▸ Try it
Copy each line of the records below that mentions the word "rule".

###

section \<open>The map from a coalgebra to \<open>S\<close>\<close>

lemma cont_sp_comp:
  assumes "cont_sp X Y f" "cont_sp Y Z g" "f ` car X \<subseteq> car Y"
  shows "cont_sp X Z (g \<circ> f)"
  unfolding cont_sp_def
proof (intro ballI allI impI)
  fix x and \<epsilon> :: real
  assume x: "x \<in> car X" and \<epsilon>: "0 < \<epsilon>"
  then obtain \<eta> where "0 < \<eta>" and \<eta>: "\<forall>v\<in>car Y. dst Y (f x) v < \<eta> \<longrightarrow> dst Z (g (f x)) (g v) < \<epsilon>"
    using assms(2,3) unfolding cont_sp_def by blast
  then obtain \<delta> where "0 < \<delta>" and \<delta>: "\<forall>y\<in>car X. dst X x y < \<delta> \<longrightarrow> dst Y (f x) (f y) < \<eta>"
    using assms(1) x unfolding cont_sp_def by blast
  have "dst Z ((g \<circ> f) x) ((g \<circ> f) y) < \<epsilon>" if "y \<in> car X" "dst X x y < \<delta>" for y
    using that \<delta> \<eta> assms(3) by auto
  with \<open>0 < \<delta>\<close> show "\<exists>\<delta>>0. \<forall>y\<in>car X. dst X x y < \<delta> \<longrightarrow> dst Z ((g \<circ> f) x) ((g \<circ> f) y) < \<epsilon>"
    by blast
qed

lemma coalgebraD:
  assumes "coalgebra X e"
  shows "tripointed X" and "\<And>x. x \<in> car X \<Longrightarrow> e x \<in> car (FX X)" and "cont_sp X (FX X) e"
    and "preserves_corners X (FX X) e"
  using assms unfolding coalgebra_def morphism_def preserves_corners_iff by auto

lemma FX_Fpow: "Fpow (FX X) n = Fpow (embX X) (Suc n)"
  by (simp add: FX_def Fpow_tensor)

context
  fixes X :: "'a tsp" and e :: "'a \<Rightarrow> 'a tm"
  assumes co: "coalgebra X e"
begin

lemma tripointed_Fpow_embX: "tripointed (Fpow (embX X) n)"
  using tripointed_Fpow tripointed_embX coalgebraD(1)[OF co] by blast

lemma preserves_corners_Mmap:
  "preserves_corners (Fpow (embX X) n) (Fpow (embX X) (Suc n)) (Mmap (FX X) n (liftB e))"
proof (induction n)
  case 0
  then show ?case
    using coalgebraD(4)[OF co] by (simp add: preserves_corners_def corner_embX liftB_def FX_def Fpow_Suc)
next
  case (Suc n)
  have "preserves_corners (tensor (Fpow (embX X) n)) (tensor (Fpow (embX X) (Suc n)))
      (Mlift (Fpow (embX X) (Suc n)) (Mmap (FX X) n (liftB e)))"
    by (rule preserves_corners_Mlift[OF Suc.IH])
  then show ?case
    by (simp only: Mmap_Suc_Mlift FX_Fpow Fpow_Suc)
qed

lemma Mmap_in_car: "Mmap (FX X) n (liftB e) ` car (Fpow (embX X) n) \<subseteq> car (Fpow (embX X) (Suc n))"
proof (induction n)
  case 0
  then show ?case
    using coalgebraD(2)[OF co] by (auto simp: car_embX liftB_def FX_def Fpow_Suc)
next
  case (Suc n)
  have "Mlift (Fpow (embX X) (Suc n)) (Mmap (FX X) n (liftB e)) ` car (tensor (Fpow (embX X) n))
      \<subseteq> car (tensor (Fpow (embX X) (Suc n)))"
    using Mlift_in_car[OF preserves_corners_Mmap Suc.IH] by blast
  then show ?case
    by (simp only: Mmap_Suc_Mlift FX_Fpow Fpow_Suc)
qed

lemma cont_sp_Mmap: "cont_sp (Fpow (embX X) n) (Fpow (embX X) (Suc n)) (Mmap (FX X) n (liftB e))"
proof (induction n)
  case 0
  then show ?case
    using coalgebraD(3)[OF co] by (auto simp: cont_sp_def car_embX liftB_def FX_def Fpow_Suc)
next
  case (Suc n)
  have "cont_sp (tensor (Fpow (embX X) n)) (tensor (Fpow (embX X) (Suc n)))
      (Mlift (Fpow (embX X) (Suc n)) (Mmap (FX X) n (liftB e)))"
    by (rule cont_sp_Mlift[OF tripointed_Fpow_embX tripointed_Fpow_embX preserves_corners_Mmap Mmap_in_car Suc.IH])
  then show ?case
    by (simp only: Mmap_Suc_Mlift FX_Fpow Fpow_Suc)
qed

lemma chi_in_car: "x \<in> car X \<Longrightarrow> chi X e x n \<in> car (Fpow (embX X) n)"
  by (induction n) (use Mmap_in_car in \<open>auto simp: car_embX\<close>)

lemma cont_sp_chi: "cont_sp X (Fpow (embX X) n) (\<lambda>x. chi X e x n)"
proof (induction n)
  case 0
  then show ?case
    by (auto simp: cont_sp_def)
next
  case (Suc n)
  have "(\<lambda>x. chi X e x (Suc n)) = Mmap (FX X) n (liftB e) \<circ> (\<lambda>x. chi X e x n)"
    by auto
  then show ?case
    using cont_sp_comp[OF Suc cont_sp_Mmap] chi_in_car by auto
qed

lemma Mmap_wordT: "length w = n \<Longrightarrow> Mmap (FX X) n (liftB e) (wordT (embX X) w (Base x)) = wordT (FX X) w (e x)"
proof (induction w arbitrary: n)
  case Nil
  then show ?case
    by (simp add: liftB_def)
next
  case (Cons m w)
  then obtain k where n: "n = Suc k" "length w = k"
    by auto
  have "preserves_corners (Fpow (embX X) k) (Fpow (FX X) k) (Mmap (FX X) k (liftB e))"
    using preserves_corners_Mmap[of k] unfolding FX_Fpow .
  then show ?case
    using Cons.IH[OF n(2)] n by (simp add: Mmap_Suc_Mlift Mlift_tens)
qed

###

▸ Result
    by (rule preserves_corners_Mlift[OF Suc.IH])
    by (rule cont_sp_Mlift[OF tripointed_Fpow_embX tripointed_Fpow_embX preserves_corners_Mmap Mmap_in_car Suc.IH])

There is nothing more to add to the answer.